• **Extracted entries**
####################

(* Let $\Sigma$ be a finite alphabet and $S=s_0\cdots s_{m-1}\in\Sigma^m$. Then the set $\mathrm{Sub}(S)$ of all substrings of $S$, including the empty string $\varepsilon$, is a set of window representatives of length $m$.
   Context: For a finite set $\mathcal{R}\subset\Sigma^*$ and $a\in\Sigma^m$, $\mathrm{rep}_\mathcal{R}(a)$ denotes the longest suffix of $a$ (suffixes include $\varepsilon$ and $a$ itself) lying in $\mathcal{R}$. $\mathcal{R}$ is a set of window representatives of length $m$ if (1) every $a\in\Sigma^m$ has a suffix in $\mathcal{R}$ (so $\mathrm{rep}_\mathcal{R}$ is well defined on $\Sigma^m$), and (2) there exists a function $\delta_\mathcal{R}:\mathcal{R}\times\Sigma\to\mathcal{R}$ with $\delta_\mathcal{R}(\mathrm{rep}_\mathcal{R}(a),\sigma)=\mathrm{rep}_\mathcal{R}(a_1\cdots a_{m-1}\sigma)$ for all $a=a_0\cdots a_{m-1}\in\Sigma^m$ and $\sigma\in\Sigma$. *)

theory Defs
  imports Main "HOL-Library.Sublist"
begin

text \<open>Suffixes (including the empty word and the word itself) are
  given by the library predicate suffix; substrings (contiguous factors) by sublist.\<close>

definition words_of_length :: "'a set \<Rightarrow> nat \<Rightarrow> 'a list set" where
  "words_of_length Alph m = {a. length a = m \<and> set a \<subseteq> Alph}"

definition rep :: "'a list set \<Rightarrow> 'a list \<Rightarrow> 'a list" where
  "rep R a = (THE u. suffix u a \<and> u \<in> R \<and>
                  (\<forall>v. suffix v a \<and> v \<in> R \<longrightarrow> length v \<le> length u))"

text \<open>Set of window representatives of length m over alphabet Alph.
  The window a_1 ... a_(m-1) sigma of a = a_0 ... a_(m-1) is tl a @ [sigma].\<close>
definition window_reps :: "'a set \<Rightarrow> nat \<Rightarrow> 'a list set \<Rightarrow> bool" where
  "window_reps Alph m R \<longleftrightarrow>
     finite R \<and> R \<subseteq> lists Alph \<and>
     (\<forall>a \<in> words_of_length Alph m. \<exists>u. suffix u a \<and> u \<in> R) \<and>
     (\<exists>delta :: 'a list \<Rightarrow> 'a \<Rightarrow> 'a list.
        (\<forall>r \<in> R. \<forall>\<sigma> \<in> Alph. delta r \<sigma> \<in> R) \<and>
        (\<forall>a \<in> words_of_length Alph m. \<forall>\<sigma> \<in> Alph.
            delta (rep R a) \<sigma> = rep R (tl a @ [\<sigma>])))"

definition Sub :: "'a list \<Rightarrow> 'a list set" where
  "Sub S = {u. sublist u S}"

end

theory Submission
  imports Defs
begin

text \<open>Let R contain \<open>[]\<close>, be closed under deleting the last letter, and contain no word
  longer than m. The longest suffix in R of \<open>tl a @ [\<sigma>]\<close> is either \<open>[]\<close> or \<open>v @ [\<sigma>]\<close>,
  where v is a suffix of \<open>tl a\<close> lying in R and hence a suffix of \<open>rep R a\<close>; conversely a
  suffix of \<open>rep R a\<close> shorter than m is a suffix of \<open>tl a\<close>. So \<open>\<delta> r \<sigma> = rep R (r @ [\<sigma>])\<close>
  is a transition function, and Sub S has these properties.\<close>

lemma rep_eqI:
  assumes "suffix u x" "u \<in> R" "\<And>v. suffix v x \<Longrightarrow> v \<in> R \<Longrightarrow> length v \<le> length u"
  shows "rep R x = u"
  unfolding rep_def
proof (rule the_equality)
  show "suffix u x \<and> u \<in> R \<and> (\<forall>v. suffix v x \<and> v \<in> R \<longrightarrow> length v \<le> length u)"
    using assms by blast
next
  fix w
  assume w: "suffix w x \<and> w \<in> R \<and> (\<forall>v. suffix v x \<and> v \<in> R \<longrightarrow> length v \<le> length w)"
  with assms have "length w = length u" by (meson le_antisym)
  with w assms(1) show "w = u"
    by (metis suffix_length_suffix suffix_order.antisym order_refl)
qed

lemma rep_longest_suffix:
  assumes "suffix u x" "u \<in> R"
  shows rep_suffix: "suffix (rep R x) x"
    and rep_mem: "rep R x \<in> R"
    and rep_longest: "\<And>v. suffix v x \<Longrightarrow> v \<in> R \<Longrightarrow> length v \<le> length (rep R x)"
proof -
  let ?P = "\<lambda>u. suffix u x \<and> u \<in> R"
  have "\<exists>w. ?P w \<and> (\<forall>v. ?P v \<longrightarrow> length v \<le> length w)"
  proof (rule ex_has_greatest_nat[where k = u and b = "Suc (length x)"])
    show "?P u" using assms by blast
    show "\<forall>v. ?P v \<longrightarrow> length v < Suc (length x)"
      by (auto simp: less_Suc_eq_le dest: suffix_length_le)
  qed
  then obtain w where w: "?P w" "\<And>v. ?P v \<Longrightarrow> length v \<le> length w" by blast
  then have "rep R x = w" by (intro rep_eqI) auto
  with w show "suffix (rep R x) x" "rep R x \<in> R"
    "\<And>v. suffix v x \<Longrightarrow> v \<in> R \<Longrightarrow> length v \<le> length (rep R x)" by auto
qed

lemma rep_cong:
  "(\<And>v. v \<in> R \<Longrightarrow> suffix v x \<longleftrightarrow> suffix v y) \<Longrightarrow> rep R x = rep R y"
  unfolding rep_def by metis

lemma rep_snoc_rep:
  assumes Nil: "[] \<in> R"
    and short: "\<forall>v \<in> R. length v \<le> length a"
    and butlast_closed: "\<And>v \<sigma>. v @ [\<sigma>] \<in> R \<Longrightarrow> v \<in> R"
  shows "rep R (rep R a @ [\<sigma>]) = rep R (tl a @ [\<sigma>])"
proof (rule rep_cong)
  let ?u = "rep R a"
  have u_suffix: "suffix ?u a" and u_longest: "\<And>v. suffix v a \<Longrightarrow> v \<in> R \<Longrightarrow> length v \<le> length ?u"
    using rep_longest_suffix[OF suffix_bot.extremum Nil] by auto
  fix v
  assume v: "v \<in> R"
  show "suffix v (?u @ [\<sigma>]) \<longleftrightarrow> suffix v (tl a @ [\<sigma>])"
  proof (cases v rule: rev_cases)
    case (snoc v' \<tau>)
    have "suffix v' ?u \<longleftrightarrow> suffix v' (tl a)"
    proof
      assume "suffix v' ?u"
      then have "suffix v' a" using u_suffix by (rule suffix_order.order_trans)
      moreover have "length v' \<le> length (tl a)"
        using short v snoc by auto
      ultimately show "suffix v' (tl a)"
        using suffix_length_suffix suffix_tl by blast
    next
      assume "suffix v' (tl a)"
      then have "suffix v' a" using suffix_tl suffix_order.order_trans by blast
      moreover have "v' \<in> R" using butlast_closed v snoc by blast
      ultimately show "suffix v' ?u"
        using u_longest u_suffix suffix_length_suffix by blast
    qed
    then show ?thesis using snoc by simp
  qed simp
qed

lemma window_reps_if_butlast_closed:
  assumes "finite R" "R \<subseteq> lists Alph" "[] \<in> R"
    and "\<forall>v \<in> R. length v \<le> m"
    and "\<And>v \<sigma>. v @ [\<sigma>] \<in> R \<Longrightarrow> v \<in> R"
  shows "window_reps Alph m R"
  unfolding window_reps_def
proof (intro conjI exI[of _ "\<lambda>r \<sigma>. rep R (r @ [\<sigma>])"])
  show "\<forall>a \<in> words_of_length Alph m. \<exists>u. suffix u a \<and> u \<in> R"
    using assms(3) suffix_bot.extremum by blast
  show "\<forall>r \<in> R. \<forall>\<sigma> \<in> Alph. rep R (r @ [\<sigma>]) \<in> R"
    using rep_mem[OF suffix_bot.extremum assms(3)] by blast
  show "\<forall>a \<in> words_of_length Alph m. \<forall>\<sigma> \<in> Alph. rep R (rep R a @ [\<sigma>]) = rep R (tl a @ [\<sigma>])"
    using assms(3-5) by (auto simp: words_of_length_def intro: rep_snoc_rep)
qed (use assms in auto)

lemma finite_Sub: "finite (Sub S)"
  unfolding Sub_def by (metis List.finite_set set_sublists_eq)

lemma Sub_subset_lists: "set S \<subseteq> Alph \<Longrightarrow> Sub S \<subseteq> lists Alph"
  by (auto simp: Sub_def dest: set_mono_sublist)

lemma Nil_in_Sub: "[] \<in> Sub S"
  by (simp add: Sub_def)

lemma length_le_of_Sub: "v \<in> Sub S \<Longrightarrow> length v \<le> length S"
  by (simp add: Sub_def sublist_length_le)

lemma Sub_butlast_closed: "v @ [\<sigma>] \<in> Sub S \<Longrightarrow> v \<in> Sub S"
  by (auto simp: Sub_def intro: sublist_order.order_trans sublist_appendI)

theorem lemma16:
  fixes Alph :: "'a set" and S :: "'a list" and m :: nat
  assumes "finite Alph"
    and "S \<in> words_of_length Alph m"
  shows "window_reps Alph m (Sub S)"
proof (rule window_reps_if_butlast_closed)
  from assms(2) have "length S = m" "set S \<subseteq> Alph"
    by (auto simp: words_of_length_def)
  then show "Sub S \<subseteq> lists Alph" "\<forall>v \<in> Sub S. length v \<le> m"
    by (auto simp: Sub_subset_lists dest: length_le_of_Sub)
qed (auto simp: finite_Sub Nil_in_Sub intro: Sub_butlast_closed)

end
lemma blockE_mult_index:
  assumes i: "1 \<le> i" "i < n" and B: "B \<in> carrier_mat n n" and r: "r < n" and q: "q < n"
  shows "(blockE n i s X * B) $$ (r, q) =
    (if i - 1 \<le> r \<and> r \<le> i
     then X $$ (r - (i - 1), 0) * B $$ (i - 1, q) + X $$ (r - (i - 1), 1) * B $$ (i, q)
     else s * B $$ (r, q))"
proof -
  define f where "f k = blockE n i s X $$ (r, k) * B $$ (k, q)" for k
  have prod: "(blockE n i s X * B) $$ (r, q) = (\<Sum>k<n. f k)"
    using B r q by (simp add: f_def scalar_prod_def lessThan_atLeast0)
  show ?thesis
  proof (cases "i - 1 \<le> r \<and> r \<le> i")
    case True
    have "(\<Sum>k<n. f k) = (\<Sum>k\<in>{i - 1, i}. f k)"
      by (rule sum.mono_neutral_right) (use i True r in \<open>auto simp: f_def blockE_index\<close>)
    also have "\<dots> = f (i - 1) + f i"
      using i by simp
    finally show ?thesis
      using True i r by (simp add: prod f_def blockE_index)
  next
    case False
    have "(\<Sum>k<n. f k) = (\<Sum>k\<in>{r}. f k)"
      by (rule sum.mono_neutral_right) (use False r in \<open>auto simp: f_def blockE_index\<close>)
    also have "\<dots> = s * B $$ (r, q)"
      using False r by (simp add: f_def blockE_index_off_block)
    finally show ?thesis
      unfolding prod if_not_P[OF False] .
  qed
qed

lemma blockE_mult:
  assumes i: "1 \<le> i" "i < n" and X: "X \<in> carrier_mat 2 2" and Y: "Y \<in> carrier_mat 2 2"
  shows "blockE n i s X * blockE n i t Y = blockE n i (s * t) (X * Y)"
proof (rule blockE_eqI)
  have XY: "(X * Y) $$ (p, p') = X $$ (p, 0) * Y $$ (0, p') + X $$ (p, 1) * Y $$ (1, p')"
    if "p < 2" "p' < 2" for p p'
    using X Y that by (simp add: scalar_prod_def numeral_2_eq_2)
  have i1: "i - (i - 1) = 1"
    using i by simp
  fix r c
  assume "r < n" "c < n"
  then have prod: "(blockE n i s X * blockE n i t Y) $$ (r, c) =
    (if i - 1 \<le> r \<and> r \<le> i
     then X $$ (r - (i - 1), 0) * blockE n i t Y $$ (i - 1, c) +
          X $$ (r - (i - 1), 1) * blockE n i t Y $$ (i, c)
     else s * blockE n i t Y $$ (r, c))"
    using i by (intro blockE_mult_index) simp_all
  show "(blockE n i s X * blockE n i t Y) $$ (r, c) = (X * Y) $$ (r - (i - 1), c - (i - 1))"
    if "i - 1 \<le> r" "r \<le> i" "i - 1 \<le> c" "c \<le> i" "r - (i - 1) < 2" "c - (i - 1) < 2"
    using that i \<open>c < n\<close> by (simp add: prod blockE_index_block XY i1)
  show "(blockE n i s X * blockE n i t Y) $$ (r, c) = (if r = c then s * t else 0)"
    if "\<not> (i - 1 \<le> r \<and> r \<le> i \<and> i - 1 \<le> c \<and> c \<le> i)"
    using that i \<open>r < n\<close> \<open>c < n\<close> by (auto simp: prod blockE_index)
qed simp

lemma blockD_carrier [simp]: "blockD n i X \<in> carrier_mat n n"
  and blockD_dims [simp]: "dim_row (blockD n i X) = n" "dim_col (blockD n i X) = n"
  by (simp_all add: blockD_def)

lemma blockD_one: "1 \<le> i \<Longrightarrow> blockD n i (1\<^sub>m 2) = 1\<^sub>m n"
  by (simp add: blockD_def blockE_one)

lemma minv_eqI:
  assumes A: "A \<in> carrier_mat n n" and B: "B \<in> carrier_mat n n"
    and AB: "A * B = 1\<^sub>m n" and BA: "B * A = 1\<^sub>m n"
  shows "minv n A = B"
proof -
  have "\<exists>B. B \<in> carrier_mat n n \<and> A * B = 1\<^sub>m n \<and> B * A = 1\<^sub>m n"
    using B AB BA by blast
  then have C: "minv n A \<in> carrier_mat n n" "minv n A * A = 1\<^sub>m n"
    unfolding minv_def by (metis (mono_tags, lifting) someI_ex)+
  have "minv n A = minv n A * (A * B)"
    using C(1) by (simp add: AB)
  also have "\<dots> = (minv n A * A) * B"
    using A B C(1) by (simp add: assoc_mult_mat)
  also have "\<dots> = B"
    using B by (simp add: C(2))
  finally show ?thesis .
qed

lemma minv_blockD:
  assumes i: "1 \<le> i" "i < n" and M: "M \<in> carrier_mat 2 2" and N: "N \<in> carrier_mat 2 2"
    and MN: "M * N = 1\<^sub>m 2" and NM: "N * M = 1\<^sub>m 2"
  shows "minv n (blockD n i M) = blockD n i N"
  by (rule minv_eqI) (use assms in \<open>simp_all add: blockD_def blockE_mult blockE_one\<close>)

lemma mat2_carrier [simp]: "mat2 a b c d \<in> carrier_mat 2 2"
  by (simp add: mat2_def)

lemma mat2_index [simp]:
  "mat2 a b c d $$ (0, 0) = a" "mat2 a b c d $$ (0, 1) = b"
  "mat2 a b c d $$ (1, 0) = c" "mat2 a b c d $$ (1, 1) = d"
  "mat2 a b c d $$ (0, Suc 0) = b" "mat2 a b c d $$ (Suc 0, 0) = c" "mat2 a b c d $$ (Suc 0, Suc 0) = d"
  "dim_row (mat2 a b c d) = 2" "dim_col (mat2 a b c d) = 2"
  by (simp_all add: mat2_def)

lemma mat2_eq_iff: "mat2 a b c d = mat2 a' b' c' d' \<longleftrightarrow> a = a' \<and> b = b' \<and> c = c' \<and> d = d'"
  by (metis mat2_index(1-4))

lemma mat2_eta:
  "X \<in> carrier_mat 2 2 \<Longrightarrow> X = mat2 (X $$ (0, 0)) (X $$ (0, 1)) (X $$ (1, 0)) (X $$ (1, 1))"
  by (rule eq_matI) (auto simp: mat2_def less_2_cases_iff)

lemma one_mat_2: "1\<^sub>m 2 = mat2 1 0 0 1"
  by (rule eq_matI) (auto simp: less_2_cases_iff)

lemma mat2_mult:
  "mat2 a b c d * mat2 a' b' c' d' = mat2 (a * a' + b * c') (a * b' + b * d') (c * a' + d * c') (c * b' + d * d')"
  by (rule eq_matI) (auto simp: scalar_prod_def numeral_2_eq_2 less_Suc_eq)

lemma mat2_lincomb:
  "u \<cdot>\<^sub>m mat2 a b c d + v \<cdot>\<^sub>m mat2 a' b' c' d' + w \<cdot>\<^sub>m 1\<^sub>m 2 =
    mat2 (u * a + v * a' + w) (u * b + v * b') (u * c + v * c') (u * d + v * d' + w)"
  by (rule eq_matI) (auto simp: less_2_cases_iff)

lemma mat2_inverse:
  fixes a b c d :: complex
  assumes "a * d - b * c \<noteq> 0"
  defines "\<Delta> \<equiv> a * d - b * c"
  shows "mat2 a b c d * mat2 (d / \<Delta>) (- b / \<Delta>) (- c / \<Delta>) (a / \<Delta>) = 1\<^sub>m 2"
    and "mat2 (d / \<Delta>) (- b / \<Delta>) (- c / \<Delta>) (a / \<Delta>) * mat2 a b c d = 1\<^sub>m 2"
  using assms by (simp_all add: mat2_mult one_mat_2 mat2_eq_iff add_divide_distrib[symmetric]
      diff_divide_distrib[symmetric] algebra_simps)

lemma blockD_braid_relation_eqs:
  assumes n: "3 \<le> n"
    and braid: "blockD n 1 (mat2 a b c d) * blockD n 2 (mat2 a b c d) * blockD n 1 (mat2 a b c d) =
                blockD n 2 (mat2 a b c d) * blockD n 1 (mat2 a b c d) * blockD n 2 (mat2 a b c d)"
  shows "a * (a + b * c - 1) = 0" "a * b * d = 0" "a * c * d = 0" "d * (b * c + d - 1) = 0"
proof -
  let ?D1 = "blockE n 1 1 (mat2 a b c d)" and ?D2 = "blockE n 2 1 (mat2 a b c d)"
  \<comment> \<open>associated to the right, every product has a block matrix as left factor,
    so \<open>blockE_mult_index\<close> evaluates its entries\<close>
  have "?D1 * (?D2 * ?D1) = ?D2 * (?D1 * ?D2)"
    using braid by (simp add: blockD_def assoc_mult_mat[of _ n n _ n _ n, symmetric])
  then have entry: "(?D1 * (?D2 * ?D1)) $$ (r, s) = (?D2 * (?D1 * ?D2)) $$ (r, s)" for r s
    by simp
  note eval = blockE_mult_index blockE_index algebra_simps
  show "a * (a + b * c - 1) = 0"
    using entry[of 0 0] n by (simp del: index_mult_mat add: eval)
  show "a * b * d = 0"
    using entry[of 0 1] n by (simp del: index_mult_mat add: eval)
  show "a * c * d = 0"
    using entry[of 1 0] n by (simp del: index_mult_mat add: eval)
  show "d * (b * c + d - 1) = 0"
    using entry[of 2 2] n by (simp del: index_mult_mat add: eval)
qed

lemma blockD_invertible_det_nonzero:
  assumes i: "1 \<le> i" "i < n" and inv: "invertible_mat (blockD n i (mat2 a b c d))"
  shows "a * d - b * c \<noteq> 0"
proof -
  define D where "D = blockE n i 1 (mat2 a b c d)"
  obtain B where DB: "D * B = 1\<^sub>m n" and BD: "B * D = 1\<^sub>m (dim_row B)"
    using inv unfolding D_def blockD_def invertible_mat_def inverts_mat_def by auto
  have B: "B \<in> carrier_mat n n"
    using DB BD unfolding D_def
    by (metis blockE_dims carrier_matI index_mult_mat(2,3) index_one_mat(2,3))
  have entry: "(D * B) $$ (r, q) = (if r = q then 1 else 0)" if "r < n" "q < n" for r q
    using DB that by simp
  have i1: "i - 1 < n" "i - (i - 1) = 1"
    using i by simp_all
  define e f g h where "e = B $$ (i - 1, i - 1)" and "f = B $$ (i - 1, i)"
    and "g = B $$ (i, i - 1)" and "h = B $$ (i, i)"
  have "a * e + b * g = 1" "a * f + b * h = 0" "c * e + d * g = 0" "c * f + d * h = 1"
    using entry[of "i - 1" "i - 1"] entry[of "i - 1" i] entry[of i "i - 1"] entry[of i i] i i1
    by (simp_all add: D_def blockE_mult_index B e_def f_def g_def h_def)
  \<comment> \<open>\<open>[[e, f], [g, h]]\<close> is a right inverse of \<open>M\<close>; compare determinants\<close>
  moreover have "(a * d - b * c) * (e * h - f * g) =
      (a * e + b * g) * (c * f + d * h) - (a * f + b * h) * (c * e + d * g)"
    by (simp add: algebra_simps)
  ultimately have "(a * d - b * c) * (e * h - f * g) = 1"
    by simp
  then show ?thesis
    by auto
qed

####################

• **Activity**
Output only an exact transcription of the lines above from the one with "qed (use assms in auto)" up to and including the one with "q) = (\<Sum>k<n.".

• **Answer box**
qed (use assms in auto)

lemma finite_Sub: "finite (Sub S)"
  unfolding Sub_def by (metis List.finite_set set_sublists_eq)

lemma Sub_subset_lists: "set S \<subseteq> Alph \<Longrightarrow> Sub S \<subseteq> lists Alph"
  by (auto simp: Sub_def dest: set_mono_sublist)

lemma Nil_in_Sub: "[] \<in> Sub S"
  by (simp add: Sub_def)

lemma length_le_of_Sub: "v \<in> Sub S \<Longrightarrow> length v \<le> length S"
  by (simp add: Sub_def sublist_length_le)

lemma Sub_butlast_closed: "v @ [\<sigma>] \<in> Sub S \<Longrightarrow> v \<in> Sub S"
  by (auto simp: Sub_def intro: sublist_order.order_trans sublist_appendI)

theorem lemma16:
  fixes Alph :: "'a set" and S :: "'a list" and m :: nat
  assumes "finite Alph"
    and "S \<in> words_of_length Alph m"
  shows "window_reps Alph m (Sub S)"
proof (rule window_reps_if_butlast_closed)
  from assms(2) have "length S = m" "set S \<subseteq> Alph"
    by (auto simp: words_of_length_def)
  then show "Sub S \<subseteq> lists Alph" "\<forall>v \<in> Sub S. length v \<le> m"
    by (auto simp: Sub_subset_lists dest: length_le_of_Sub)
qed (auto simp: finite_Sub Nil_in_Sub intro: Sub_butlast_closed)

end
lemma blockE_mult_index:
  assumes i: "1 \<le> i" "i < n" and B: "B \<in> carrier_mat n n" and r: "r < n" and q: "q < n"
  shows "(blockE n i s X * B) $$ (r, q) =
    (if i - 1 \<le> r \<and> r \<le> i
     then X $$ (r - (i - 1), 0) * B $$ (i - 1, q) + X $$ (r - (i - 1), 1) * B $$ (i, q)
     else s * B $$ (r, q))"
proof -
  define f where "f k = blockE n i s X $$ (r, k) * B $$ (k, q)" for k
  have prod: "(blockE n i s X * B) $$ (r, q) = (\<Sum>k<n. f k)"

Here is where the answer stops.